Sonar on Tour has packaged some of the cutting-edge artists who have starred at Barcelona's iconic annual electronic music festival Sonar and hit the road for a global tour with stops in Chicago, Toronto, Los Angeles, and of course New York City. At Roseland Ballroom featuring the extreme industrial rap of South Africa's Die Antwoord, Azari & III, Seth Troxler, Paul Kalkbrenner, Tiga and visuals by Pfadfinderei.

Saturday, November 3
Roberta Flack enjoyed a string of massive hit singles in the early '70s, winning a Grammy for Record of the Year in both 1972 and 1973 — the only solo artist to win the award in consecutive years. Flack was classically trained on the piano, and received a music scholarship at just 15. Discovered while singing at the D.C. nightclub Mr. Henry's by jazz musician Les McCann, she was promptly signed to Atlantic Records, but it was only after Clint Eastwood chose "The First Time Ever I Saw Your Face" from her debut album "First Take" for the soundtrack of his directorial debut "Play Misty for Me" that her career really took off. The song became the biggest hit of the year in 1972 — spending six consecutive weeks at No. 1 — earning Flack a a gold record for selling a million copies. Her most recent album is "Let It Be Roberta: Roberta Flack Sings the Beatles." At St. George Theatre, Staten Island.

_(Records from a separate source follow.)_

(* Let $t_0\overset{i_1}{-}t_1\overset{i_2}{-}\cdots\overset{i_k}{-}t_k$ be a path in $\mathbb T_n$. For $1\le i\le k$ and $i\le m\le k$, $$q_{t_i}^{t_0}(\hat{\mathbf y}^{\mathbf c_m^+})=\hat{\mathbf y}^{\mathbf c_m^+}\prod_{j=1}^{i}L_j^{-(\hat{\mathbf c}_m^+,\,d_{(j)}\mathbf c_j)_{D_0R}},$$ where $q_{t_i}^{t_0}=q_{i_1;t_0}\circ q_{i_2;t_1}\circ\cdots\circ q_{i_i;t_{i-1}}$.
   Context: Notation: $n\ge1$; $[b]_+=\max(b,0)$. $\mathbb T_n$: $n$-regular tree with edges labeled $1,\dots,n$, distinct labels at each vertex; $t\overset{k}{-}t'$ an edge labeled $k$; $t_0$ root. Positive integers $r_1,\dots,r_n$, $R=\mathrm{diag}(r_i)$. Formal variables $y_1,\dots,y_n$, $z_{i,s}$ ($1\le s\le r_i-1$), $z_{i,s}=z_{i,r_i-s}$, $z_{i,0}=z_{i,r_i}=1$; $\mathbb P=\mathrm{Trop}(\mathbf y,\mathbf z)$; $\mathbb{QP}$ fraction field of $\mathbb{ZP}$; $\mathbb{QP}(\mathbf x)$ rational functions in $x_1,\dots,x_n$ over $\mathbb{QP}$. $B=(b_{ij})$ skew-symmetrizable integer; $\hat y_i=y_i\prod_jx_j^{b_{ji}}$, $\hat{\mathbf y}^{\mathbf a}=\prod\hat y_i^{a_i}$, $\mathbf x^{\mathbf m}=\prod x_i^{m_i}$. Matrices: $B_{t_0}=B$, $C_{t_0}=I_n$; for $t\overset{k}{-}t'$ ($\varepsilon=\pm1$, independent): $b_{ij;t'}=-b_{ij;t}$ if $i=k$ or $j=k$, else $b_{ij;t}+r_k([-\varepsilon b_{ik;t}]_+b_{kj;t}+b_{ik;t}[\varepsilon b_{kj;t}]_+)$; $c_{ij;t'}=-c_{ij;t}$ if $j=k$, else $c_{ij;t}+r_k(c_{ik;t}[\varepsilon b_{kj;t}]_++[-\varepsilon c_{ik;t}]_+b_{kj;t})$. The columns $\mathbf c_{k;t}$ of $C_t$ are sign-coherent with sign $\varepsilon_{k;t}$, $\mathbf c_{k;t}^+=\varepsilon_{k;t}\mathbf c_{k;t}$. Form: $D_0$ positive integer diagonal with $D_0RB$ skew-symmetric, $D_0R=\mathrm{diag}(d_1^{-1},\dots,d_n^{-1})$, $(\mathbf u,\mathbf v)_{D_0R}=\mathbf u^TD_0R\mathbf v$. Maps: $q_{k;t}$ is the field automorphism of $\mathbb{QP}(\mathbf x)$ over $\mathbb{QP}$ with $\mathbf x^{\mathbf m}\mapsto\mathbf x^{\mathbf m}(\sum_{s=0}^{r_k}z_{k,s}(\hat{\mathbf y}^{\mathbf c_{k;t}^+})^s)^{-(\mathbf m,d_k\mathbf c_{k;t})_{D_0R}}$. Path data: $d_{(j)}=d_{i_j}$, $r_{(j)}=r_{i_j}$, $\mathbf c_j=\mathbf c_{i_j;t_{j-1}}$, $\mathbf c_j^+=\varepsilon_{i_j;t_{j-1}}\mathbf c_j$, $\hat{\mathbf c}_j^+=B\mathbf c_j^+$. $L_1=\sum_{s=0}^{r_{(1)}}z_{i_1,s}(\hat{\mathbf y}^{\mathbf c_1^+})^s$; for $2\le l\le k$, $L_l=\sum_{s=0}^{r_{(l)}}z_{i_l,s}\big(\hat{\mathbf y}^{\mathbf c_l^+}\prod_{j=1}^{l-1}L_j^{-(\hat{\mathbf c}_l^+,d_{(j)}\mathbf c_j)_{D_0R}}\big)^s$. *)

theory Defs
  imports Complex_Main
begin

text \<open>Indices of vertices/variables are 0-based: 0,...,n-1.
  Integer vectors are functions nat => int (only entries below n matter),
  integer matrices are functions nat => nat => int (entry (i,j)).
  A path t_0 -i_1- t_1 - ... -i_k- t_k is given by the label sequence ii 1, ..., ii k.\<close>

definition pos :: "int \<Rightarrow> int" where
  "pos b = max b 0"

text \<open>Matrix mutation in direction k (with epsilon = 1; the result is independent of epsilon).\<close>
definition mutB :: "(nat \<Rightarrow> nat) \<Rightarrow> nat \<Rightarrow> (nat \<Rightarrow> nat \<Rightarrow> int) \<Rightarrow> (nat \<Rightarrow> nat \<Rightarrow> int)" where
  "mutB r k B = (\<lambda>i j. if i = k \<or> j = k then - B i j
      else B i j + int (r k) * (pos (- B i k) * B k j + B i k * pos (B k j)))"

definition mutC :: "(nat \<Rightarrow> nat) \<Rightarrow> nat \<Rightarrow> (nat \<Rightarrow> nat \<Rightarrow> int) \<Rightarrow> (nat \<Rightarrow> nat \<Rightarrow> int)
    \<Rightarrow> (nat \<Rightarrow> nat \<Rightarrow> int)" where
  "mutC r k B C = (\<lambda>i j. if j = k then - C i j
      else C i j + int (r k) * (C i k * pos (B k j) + pos (- C i k) * B k j))"

fun BC :: "(nat \<Rightarrow> nat) \<Rightarrow> (nat \<Rightarrow> nat \<Rightarrow> int) \<Rightarrow> (nat \<Rightarrow> nat) \<Rightarrow> nat
    \<Rightarrow> (nat \<Rightarrow> nat \<Rightarrow> int) \<times> (nat \<Rightarrow> nat \<Rightarrow> int)" where
  "BC r B ii 0 = (B, (\<lambda>i j. if i = j then 1 else 0))"
| "BC r B ii (Suc j) = (let Bt = fst (BC r B ii j); Ct = snd (BC r B ii j); k = ii (Suc j)
      in (mutB r k Bt, mutC r k Bt Ct))"

definition cvec :: "(nat \<Rightarrow> nat) \<Rightarrow> (nat \<Rightarrow> nat \<Rightarrow> int) \<Rightarrow> (nat \<Rightarrow> nat) \<Rightarrow> nat \<Rightarrow> (nat \<Rightarrow> int)" where
  "cvec r B ii j = (\<lambda>i. snd (BC r B ii (j - 1)) i (ii j))"

definition sgnv :: "nat \<Rightarrow> (nat \<Rightarrow> int) \<Rightarrow> int" where
  "sgnv n c = (if \<forall>i<n. 0 \<le> c i then 1 else -1)"

definition cplus :: "nat \<Rightarrow> (nat \<Rightarrow> nat) \<Rightarrow> (nat \<Rightarrow> nat \<Rightarrow> int) \<Rightarrow> (nat \<Rightarrow> nat) \<Rightarrow> nat \<Rightarrow> (nat \<Rightarrow> int)" where
  "cplus n r B ii j = (\<lambda>i. sgnv n (cvec r B ii j) * cvec r B ii j i)"

definition matvec :: "nat \<Rightarrow> (nat \<Rightarrow> nat \<Rightarrow> int) \<Rightarrow> (nat \<Rightarrow> int) \<Rightarrow> (nat \<Rightarrow> int)" where
  "matvec n B a = (\<lambda>i. \<Sum>l<n. B i l * a l)"

text \<open>(u, d_k v)_{D_0 R} = u^T D_0 R (d_k v) with d_k = 1/(D_0 k * r k).\<close>
definition pairing :: "nat \<Rightarrow> (nat \<Rightarrow> int) \<Rightarrow> (nat \<Rightarrow> nat) \<Rightarrow> (nat \<Rightarrow> int) \<Rightarrow> nat \<Rightarrow> (nat \<Rightarrow> int) \<Rightarrow> rat" where
  "pairing n D0 r u k v =
     (\<Sum>i<n. of_int (u i * D0 i * int (r i) * v i)) / of_int (D0 k * int (r k))"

Also tonight: The Jon Spencer Blues Explosion and Ava Luna will be rocking out at The Bowery Ballroom.

Sunday, November 4
Texan bluesman Gary Clarke Jr. is often compared to guitar greats Jimi Hendrix and Stevie Ray Vaughan, and with good reason. His playing (and singing) is soulful and inspired. At the Bowery Ballroom.

Monday, November 5
Adam Green and Binki Shapiro have teamed up for their first album together and will preview tracks from it tonight at (Le) Poisson Rouge. Since leaving his first band Moldy Peaches (with Kimya Dawson) in 2002, Green has built a cult following, especially in Europe, based on a comic folky-cabaret persona reminiscent of Serge Gainsbourg. He's released seven well-received solo albums, and last year put out his first film, "The Wrong Ferarri," which he shot on an iPhone while under the influence of ketamine. Binki Shapiro sings with The Little Joy alongside Fabrizio Moretti of The Strokes and Rodrigo Amarante of Brazilian band Los Hermanos. Little Joy's self-titled debut from 2008 made many of that year's best-of lists, with author Nick Hornby voting it his favorite album of the year.

Also tonight: A night for lovers of Scottish indie music with The Twilight Sad and Errors at Music Hall of Williamsburg. The Twilight Sad are at times reminiscent of Brooklyn heroes The National — beautifully structured songs with often darkly emotional lyrics.

Tuesday, November 6
Alt-rockers Motion City Soundtrack have put out five studio albums since 2003, with their most recent offering "Go" released in 2011 on respected indie and punk label Epitaph Records. At Irving Plaza.